Cereal Chem 65:95-100 | VIEW
Studies on Disulfide Bonds in Glutenin.
J. A. D. Ewart. Copyright 1988 by the American Association of Cereal Chemists, Inc.
Two attempts to measure the average number of interchain disulfide bonds (SS) per chain in glutenin were made. The first was to let reduced glutenin slowly reoxidize in dilute solution to look for oligomers in samples taken at intervals. It was hoped that intrachain SS would form first because they are stabler and because dilution minimized interchain contacts. The appearance of dimer bands would show when interchain SS were starting to form: the SH groups still unoxidized whould then be a measure of interchain SS. Oligomers did not appear as discrete bands, but as marks on the origin and possibly tailing.
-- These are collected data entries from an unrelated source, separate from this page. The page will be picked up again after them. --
lemma interleaving_distance_le:
  assumes "g \<in> cat_obj G" "h \<in> cat_obj G" "interleaved G X Tfo Tfa Tnat x y g h"
  shows "interleaving_distance G X Tfo Tfa Tnat W x y \<le> max (W g) (W h)"
  unfolding interleaving_distance_def using assms by (blast intro: Inf_lower)

locale weighted_action = monoidal_action +
  fixes W
  assumes is_monoidal_weight: "is_monoidal_weight G W"
begin

abbreviation d where
  "d \<equiv> interleaving_distance G X Tfo Tfa Tnat W"

lemma weight_nonneg: "g \<in> cat_obj G \<Longrightarrow> 0 \<le> W g"
  using is_monoidal_weight unfolding is_monoidal_weight_def by auto

lemma weight_unit: "W e = 0"
  using is_monoidal_weight unfolding is_monoidal_weight_def by auto

lemma weight_tens_le: "g \<in> cat_obj G \<Longrightarrow> h \<in> cat_obj G \<Longrightarrow> W (g \<otimes> h) \<le> W g + W h"
  using is_monoidal_weight unfolding is_monoidal_weight_def by auto

lemma interleaving_distance_nonneg: "0 \<le> d x y"
  unfolding interleaving_distance_def
  by (force intro: Inf_greatest weight_nonneg simp: le_max_iff_disj)

lemma interleaving_distance_self: "x \<in> cat_obj X \<Longrightarrow> d x x = 0"
  using interleaving_distance_le[OF G.unit_obj G.unit_obj interleaved_refl, of x W]
    interleaving_distance_nonneg[of x x]
  by (simp add: weight_unit)

lemma interleaving_distance_triangle: "d x z \<le> d x y + d y z"
proof -
  have "d x z \<le> max (W g) (W h) + max (W g') (W h')"
    if g: "g \<in> cat_obj G" and h: "h \<in> cat_obj G" and g': "g' \<in> cat_obj G" and h': "h' \<in> cat_obj G"
      and "interleaved G X Tfo Tfa Tnat x y g h" and "interleaved G X Tfo Tfa Tnat y z g' h'"
    for g h g' h'
  proof -
    have "d x z \<le> max (W (g \<otimes> g')) (W (h' \<otimes> h))"
      using that by (intro interleaving_distance_le interleaved_trans G.tens_obj_closed)
    also have "\<dots> \<le> max (W g + W g') (W h + W h')"
    proof (rule max.mono)
      show "W (h' \<otimes> h) \<le> W h + W h'"
        using weight_tens_le[OF h' h] by (simp add: add.commute)
    qed (rule weight_tens_le[OF g g'])
    also have "\<dots> \<le> max (W g) (W h) + max (W g') (W h')"
      by (intro max.boundedI add_mono) simp_all
    finally show ?thesis .
  qed
  then show ?thesis
    unfolding interleaving_distance_def[of _ _ _ _ _ _ x y] interleaving_distance_def[of _ _ _ _ _ _ y z]
    by (intro ereal_le_Inf_add) (auto simp: le_max_iff_disj intro: weight_nonneg)
qed

end

theorem theorem3p8:
  fixes G :: "('go, 'ga) moncat" and X :: "('xo, 'xa) cat"
    and Tfo :: "'go \<Rightarrow> 'xo \<Rightarrow> 'xo" and Tfa :: "'go \<Rightarrow> 'xa \<Rightarrow> 'xa"
    and Tnat :: "'ga \<Rightarrow> 'xo \<Rightarrow> 'xa" and W :: "'go \<Rightarrow> ereal"
  assumes "is_strict_monoidal_category G"
    and "is_category X"
    and "is_strict_monoidal_functor G X Tfo Tfa Tnat"
    and "is_monoidal_weight G W"
  shows "(\<forall>x \<in> cat_obj X. interleaving_distance G X Tfo Tfa Tnat W x x = 0) \<and>
         (\<forall>x \<in> cat_obj X. \<forall>y \<in> cat_obj X.
            interleaving_distance G X Tfo Tfa Tnat W x y = interleaving_distance G X Tfo Tfa Tnat W y x) \<and>
         (\<forall>x \<in> cat_obj X. \<forall>y \<in> cat_obj X. \<forall>z \<in> cat_obj X.
            interleaving_distance G X Tfo Tfa Tnat W x z
              \<le> interleaving_distance G X Tfo Tfa Tnat W x y + interleaving_distance G X Tfo Tfa Tnat W y z)"
proof -
  interpret weighted_action G X Tfo Tfa Tnat W
    by unfold_locales (fact assms)+
  show ?thesis
    by (intro conjI ballI interleaving_distance_self interleaving_distance_commute
        interleaving_distance_triangle)
qed

end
Oxidation to glutenin was rapid. The tailing that is well known to occur in the electrophoretic patterns of low molecular weight glutenin suggests that there is little preference for specific pairings of subunits, and consequently they are mostly randomly distributed in glutenin molecules. In the other attempt, glutenin was partly reduced, to varying extents, and SH groups were then blocked. Analysis was measured the fraction (tau) of broken SS. The intinsic viscosity [eta]u was determined and plotted against the fraction of SS broken. These two quantities, tau and [eta]u, were calculated from theory, assuming a range of values for the fraction of junctions with two SS in linear glutenin (delta). The theoretical curves were compared with the experimental points by computer, in the hope that delta would be the value giving the best fit. The results were not so clear cut as expected, but delta was unlikely to be greater than 0.3 and could be zero. It was shown that a previous approach to this problem, also based on viscometry, led to a similar conclusion. This means that if glutenin has linear molecules at least two-thirds, and possibly all, the junctions are likely to consist of a single SS. The exponent, nu, in the Mark-Houwink equation ([eta]u = KM nu) for glutenin appears to be about 0.5. A possible way of distinguishing interchain SS when all subunit sequences are known is suggested.